Hello, I married my husband after a year of love. After a year of marriage, she gave birth to a baby.
But on the third day of the baby's birth, I found that he betrayed me. We had a little trouble, and it was over.
But a year later, he betrayed again. It was too much. Because I told the woman's husband that my husband wanted to divorce me, and we almost divorced.
Maybe it's because of children or other reasons, we didn't leave at last, but we can't go back to our previous life. He said he would never betray again. But I have never let go of the hurt he has caused me, because I am sad and can't forget it, so I always doubt what he has. What should I do now?
reply:
1. As far as men are concerned, their wives' pregnancy and lactation are often the high incidence periods of their infidelity. At this stage, some men who lack responsibility are self-centered and try to meet their own needs, regardless of the other half, either because of physiological hunger and thirst, or because they are neglected by their wives. It has to be said that such men are really too selfish and should have been severely condemned. They cannot easily be forgiven for their choice. However, while criticizing and blaming such men for their ruthlessness, as a woman, she should also review herself and avoid creating cheating opportunities for her husband in this special period. For example, don't ignore the emotional communication and exchange with her husband, don't easily ignore the existence of the other half, don't just hope that the other party will care about herself, and take the initiative to pay attention to the other half while yearning for their care, Or more to turn to him in a tender attitude, which may reduce the chance of cheating.
2. As far as women are concerned, once they find that their husband is unfaithful, they can't easily choose to forgive. Although the couple need to turn over some contradictions and problems as soon as possible, they must be firm in the end when it comes to issues of principle. They must not relax and waver. They must make the other party aware of the seriousness of their mistakes, otherwise, they will never learn from them. Facts show that when your husband betrayed for the first time, you just chose to have a little fight with him, but he didn't give up completely, or cheated again. This time, the governance method you adopted worked, but it angered him. For this reason, he wants to divorce you, but he is still inseparable from you after all. He didn't want to divorce you, but he didn't want to be honest and settle down, just to meet the need for extramarital affairs. This is the case with some men. Once they cheat once, it is hard to stop, unless his conscience finds out one day, unless he is born with a loss of physical function.

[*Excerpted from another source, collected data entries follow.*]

text \<open>The integrating factor \<open>exp (- c x)\<close> makes \<open>f x exp (- c x)\<close> nonincreasing.\<close>
lemma deriv_le_mult_imp_le_of_nonpos:
  fixes f f' :: "real \<Rightarrow> real"
  assumes "0 \<le> c"
    and df: "\<And>x. x \<in> {a<..<b} \<Longrightarrow> (f has_real_derivative f' x) (at x)"
    and le: "\<And>x. x \<in> {a<..<b} \<Longrightarrow> f' x \<le> c * f x"
    and y: "y \<in> {a<..<b}" "f y \<le> 0" and x: "y \<le> x" "x < b"
  shows "f x \<le> f y"
proof -
  define g where "g x = f x * exp (- c * x)" for x
  have "g x \<le> g y"
  proof (rule DERIV_nonpos_imp_decreasing_open[OF \<open>y \<le> x\<close>])
    fix z assume "y < z" "z < x"
    then have z: "z \<in> {a<..<b}" using x y by auto
    have "(g has_real_derivative (f' z - c * f z) * exp (- c * z)) (at z)"
      unfolding g_def using df[OF z] by (auto intro!: derivative_eq_intros simp: algebra_simps)
    moreover have "(f' z - c * f z) * exp (- c * z) \<le> 0"
      using le[OF z] by (simp add: mult_nonpos_nonneg)
    ultimately show "\<exists>l. (g has_real_derivative l) (at z) \<and> l \<le> 0" by blast
  next
    have "continuous_on {y..x} f"
      by (rule continuous_at_imp_continuous_on) (use x y in \<open>auto intro!: DERIV_isCont df\<close>)
    then show "continuous_on {y..x} g"
      unfolding g_def by (intro continuous_intros)
  qed
  then have "f x \<le> f y * exp (c * (x - y))"
    by (simp add: g_def exp_diff exp_minus field_simps algebra_simps)
  also have "\<dots> \<le> f y * 1"
    using y x \<open>0 \<le> c\<close> by (intro mult_left_mono_neg) auto
  finally show ?thesis by simp
qed

lemma deriv_nonneg_of_deriv2_le:
  fixes w w' w'' :: "real \<Rightarrow> real"
  assumes "a < b" "0 \<le> c"
    and dw: "\<And>x. x \<in> {a..b} \<Longrightarrow> (w has_real_derivative w' x) (at x within {a..b})"
    and dw': "\<And>x. x \<in> {a<..<b} \<Longrightarrow> (w' has_real_derivative w'' x) (at x)"
    and le: "\<And>x. x \<in> {a<..<b} \<Longrightarrow> w'' x \<le> c * w' x"
    and "0 \<le> w' b"
    and y: "y \<in> {a<..<b}"
  shows "0 \<le> w' y"
proof (rule ccontr)
  assume neg: "\<not> 0 \<le> w' y"
  txt \<open>By the previous lemma \<open>w' \<le> w' y\<close> on \<open>[y, b)\<close>, so \<open>w - w' y x\<close> decreases towards \<open>b\<close>,
    forcing \<open>w' b \<le> w' y < 0\<close>.\<close>
  define k where "k x = w x - w' y * x" for x
  have "k b \<le> k x" if "x \<in> {y..b}" for x
  proof (rule DERIV_nonpos_imp_decreasing_open[of x b k])
    show "x \<le> b" using that by simp
    fix z assume "x < z" "z < b"
    then have z: "z \<in> {a<..<b}" using that y by auto
    have "w' z \<le> w' y"
      using deriv_le_mult_imp_le_of_nonpos[OF \<open>0 \<le> c\<close> dw' le y] neg \<open>x < z\<close> \<open>z < b\<close> that by auto
    moreover have "(k has_real_derivative w' z - w' y) (at z)"
      unfolding k_def using dw[of z] z by (auto intro!: derivative_eq_intros simp: at_within_Icc_at)
    ultimately show "\<exists>l. (k has_real_derivative l) (at z) \<and> l \<le> 0" by auto
  next
    show "continuous_on {x..b} k"
      unfolding k_def using that y
      by (intro continuous_intros continuous_on_subset[OF DERIV_continuous_on[OF dw]]) auto
  qed
  moreover have "(k has_real_derivative w' b - w' y) (at b within {y..b})"
    unfolding k_def using y
    by (auto intro!: derivative_eq_intros DERIV_subset[OF dw[of b]])
  ultimately have "w' b - w' y \<le> 0"
    using y by (intro deriv_nonpos_at_right_endpoint_min[of y b k]) auto
  then show False using neg \<open>0 \<le> w' b\<close> by linarith
qed

lemma fluid_heat_flux_ge:
  fixes L \<alpha> a hv m :: real and Tf Ts Tf' Tf'' :: "real \<Rightarrow> real"
  assumes "0 < L" and pos: "0 < \<alpha>" "0 < a" "0 \<le> hv"
    and dTf: "\<And>y. y \<in> {0..L} \<Longrightarrow> (Tf has_real_derivative Tf' y) (at y within {0..L})"
    and ddTf: "\<And>y. y \<in> {0<..<L} \<Longrightarrow> (Tf' has_real_derivative Tf'' y) (at y)"
    and ode_f: "\<And>y. y \<in> {0<..<L} \<Longrightarrow> - \<alpha> * Tf'' y + a * Tf' y = hv * (Ts y - Tf y)"
    and bc_f: "a * Tf' L = hv * (Ts L - Tf L)"
    and gap_ge: "\<forall>y\<in>{0..L}. m \<le> Ts y - Tf y"
    and y: "y \<in> {0<..<L}"
  shows "hv * m \<le> a * Tf' y"
proof -
  have heat_ge: "hv * m \<le> hv * (Ts y - Tf y)" if "y \<in> {0..L}" for y
    using gap_ge that \<open>0 \<le> hv\<close> by (simp add: mult_left_mono)
  have "0 \<le> a * Tf' y - hv * m"
  proof (rule deriv_nonneg_of_deriv2_le[of 0 L "a / \<alpha>" "\<lambda>x. a * Tf x - hv * m * x"
        "\<lambda>x. a * Tf' x - hv * m" "\<lambda>x. a * Tf'' x", OF \<open>0 < L\<close> _ _ _ _ _ y])
    show "0 \<le> a / \<alpha>" using pos by simp
    show "((\<lambda>x. a * Tf x - hv * m * x) has_real_derivative a * Tf' x - hv * m) (at x within {0..L})"
      if "x \<in> {0..L}" for x
      using dTf[OF that] by (auto intro!: derivative_eq_intros)
    show "((\<lambda>x. a * Tf' x - hv * m) has_real_derivative a * Tf'' x) (at x)"
      if "x \<in> {0<..<L}" for x
      using ddTf[OF that] by (auto intro!: derivative_eq_intros)
    fix x assume x: "x \<in> {0<..<L}"
    have "\<alpha> * Tf'' x \<le> a * Tf' x - hv * m" using ode_f[OF x] heat_ge[of x] x by auto
    then have "a / \<alpha> * (\<alpha> * Tf'' x) \<le> a / \<alpha> * (a * Tf' x - hv * m)"
      using pos by (intro mult_left_mono) auto
    then show "a * Tf'' x \<le> a / \<alpha> * (a * Tf' x - hv * m)" using pos by simp
  next
    show "0 \<le> a * Tf' L - hv * m" using bc_f heat_ge[of L] \<open>0 < L\<close> by simp
  qed
  then show ?thesis by simp
qed

lemma temperature_gap_nonneg:
  fixes L \<alpha> \<beta> a hv q :: real and Tf Ts Tf' Ts' Tf'' Ts'' :: "real \<Rightarrow> real"
  assumes "0 < L" and pos: "0 < \<alpha>" "0 < \<beta>" "0 < a" "0 < hv" "0 \<le> q"
    and dTf: "\<And>y. y \<in> {0..L} \<Longrightarrow> (Tf has_real_derivative Tf' y) (at y within {0..L})"
    and dTs: "\<And>y. y \<in> {0..L} \<Longrightarrow> (Ts has_real_derivative Ts' y) (at y within {0..L})"
    and ddTf: "\<And>y. y \<in> {0<..<L} \<Longrightarrow> (Tf' has_real_derivative Tf'' y) (at y)"
    and ddTs: "\<And>y. y \<in> {0<..<L} \<Longrightarrow> (Ts' has_real_derivative Ts'' y) (at y)"
    and ode_f: "\<And>y. y \<in> {0<..<L} \<Longrightarrow> - \<alpha> * Tf'' y + a * Tf' y = hv * (Ts y - Tf y)"
    and ode_s: "\<And>y. y \<in> {0<..<L} \<Longrightarrow> \<beta> * Ts'' y = hv * (Ts y - Tf y)"
    and bc_0: "Tf 0 = Ts 0"
    and bc_s: "\<beta> * Ts' L = q - a * (Ts L - Tf L)"
    and bc_f: "a * Tf' L = hv * (Ts L - Tf L)"
  shows "\<forall>y\<in>{0..L}. Tf y \<le> Ts y"
proof -
  define \<theta> where "\<theta> y = Ts y - Tf y" for y
  have d\<theta>: "(\<theta> has_real_derivative Ts' y - Tf' y) (at y within {0..L})" if "y \<in> {0..L}" for y
    unfolding \<theta>_def using dTf[OF that] dTs[OF that] by (auto intro!: derivative_eq_intros)
  obtain y0 where y0: "y0 \<in> {0..L}" and min: "\<forall>y\<in>{0..L}. \<theta> y0 \<le> \<theta> y"
    using continuous_attains_inf[OF compact_Icc _ DERIV_continuous_on[OF d\<theta>]] \<open>0 < L\<close> by auto
  have "0 \<le> \<theta> y0"
  proof (rule ccontr)
    assume "\<not> 0 \<le> \<theta> y0"
    then have "0 < y0" using y0 bc_0 by (cases "y0 = 0") (auto simp: \<theta>_def)
    have neg: "a * \<theta> y0 < 0" "hv * \<theta> y0 < 0"
      using \<open>\<not> 0 \<le> \<theta> y0\<close> pos by (simp_all add: mult_pos_neg)
    show False
    proof (cases "y0 = L")
      case True
      have le: "Ts' L - Tf' L \<le> 0"
        using deriv_nonpos_at_right_endpoint_min[OF \<open>0 < L\<close> _ d\<theta>[of L]] min True \<open>0 < L\<close> by auto
      have "0 < \<beta> * Ts' L" using bc_s neg True \<open>0 \<le> q\<close> by (simp add: \<theta>_def)
      then have "0 < Ts' L" using pos by (simp add: zero_less_mult_iff)
      have "a * Tf' L < 0" using bc_f neg True by (simp add: \<theta>_def)
      then have "Tf' L < 0" using pos by (simp add: mult_less_0_iff)
      with le \<open>0 < Ts' L\<close> show False by linarith
    next
      case False
      then have y0': "y0 \<in> {0<..<L}" using y0 \<open>0 < y0\<close> by auto
      have "hv * \<theta> y0 \<le> a * Tf' y0"
        using fluid_heat_flux_ge[OF \<open>0 < L\<close> pos(1,3) less_imp_le[OF pos(4)] dTf ddTf ode_f bc_f _ y0']
          min by (simp add: \<theta>_def)
      then have "0 \<le> \<alpha> * Tf'' y0" using ode_f[OF y0'] by (simp add: \<theta>_def)
      then have "0 \<le> Tf'' y0" using pos by (simp add: zero_le_mult_iff)
      have "\<beta> * Ts'' y0 < 0" using ode_s[OF y0'] neg by (simp add: \<theta>_def)
      then have "Ts'' y0 < 0" using pos by (simp add: mult_less_0_iff)
      moreover have "0 \<le> Ts'' y0 - Tf'' y0"
      proof (rule deriv2_nonneg_at_interior_min[of 0 y0 L \<theta> "\<lambda>y. Ts' y - Tf' y"])
        show "(\<theta> has_real_derivative Ts' y - Tf' y) (at y)" if "0 < y" "y < L" for y
          using d\<theta>[of y] that by (simp add: at_within_Icc_at)
        show "((\<lambda>y. Ts' y - Tf' y) has_real_derivative Ts'' y0 - Tf'' y0) (at y0)"
          using ddTs[OF y0'] ddTf[OF y0'] by (auto intro!: derivative_eq_intros)
      qed (use y0' min in auto)
      ultimately show False using \<open>0 \<le> Tf'' y0\<close> by linarith
    qed
  qed
  then show ?thesis using min by (force simp: \<theta>_def)
qed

3. For this reason, if you continue to choose to live with this man, you will not be able to clear the shadow left by him from your heart, and no one can guarantee that he will not repeat the same mistakes in the future. There is no good way to face the difficulties of marriage and love. The only thing you need is to face up to the reality, because marriage and love is a kind of luck for everyone, but not everyone will be lucky. When misfortune comes to you, you need to be brave and brave to accept. Strengthening yourself is the only way out.
4. As far as the current situation is concerned, if you don't have the courage to divorce, you can only choose to trust this man's promise again and give the other party and yourself a chance. As for the harm he brings to you, you can only turn it into a driving force for self-improvement in life, and then love yourself and children well. Others hurt you but don't hurt yourself. You can also reflect from the middle school to see where you have lost, whether you lack charm or communication, and find a chance to have a heart-to-heart talk with your husband, and try to find the crux of the problem. If you can fundamentally eliminate your husband's extramarital affairs, and thus improve the marriage relationship, wouldn't it be better.
Good marriage depends on management. Perhaps our bad marriage is also the reason why we have not managed well. We should find out the reasons from ourselves. Maybe some problems can be solved and our mentality will be relieved. Marriage is like this. If we can't afford it, we must learn to adjust ourselves, and then we can live a good life.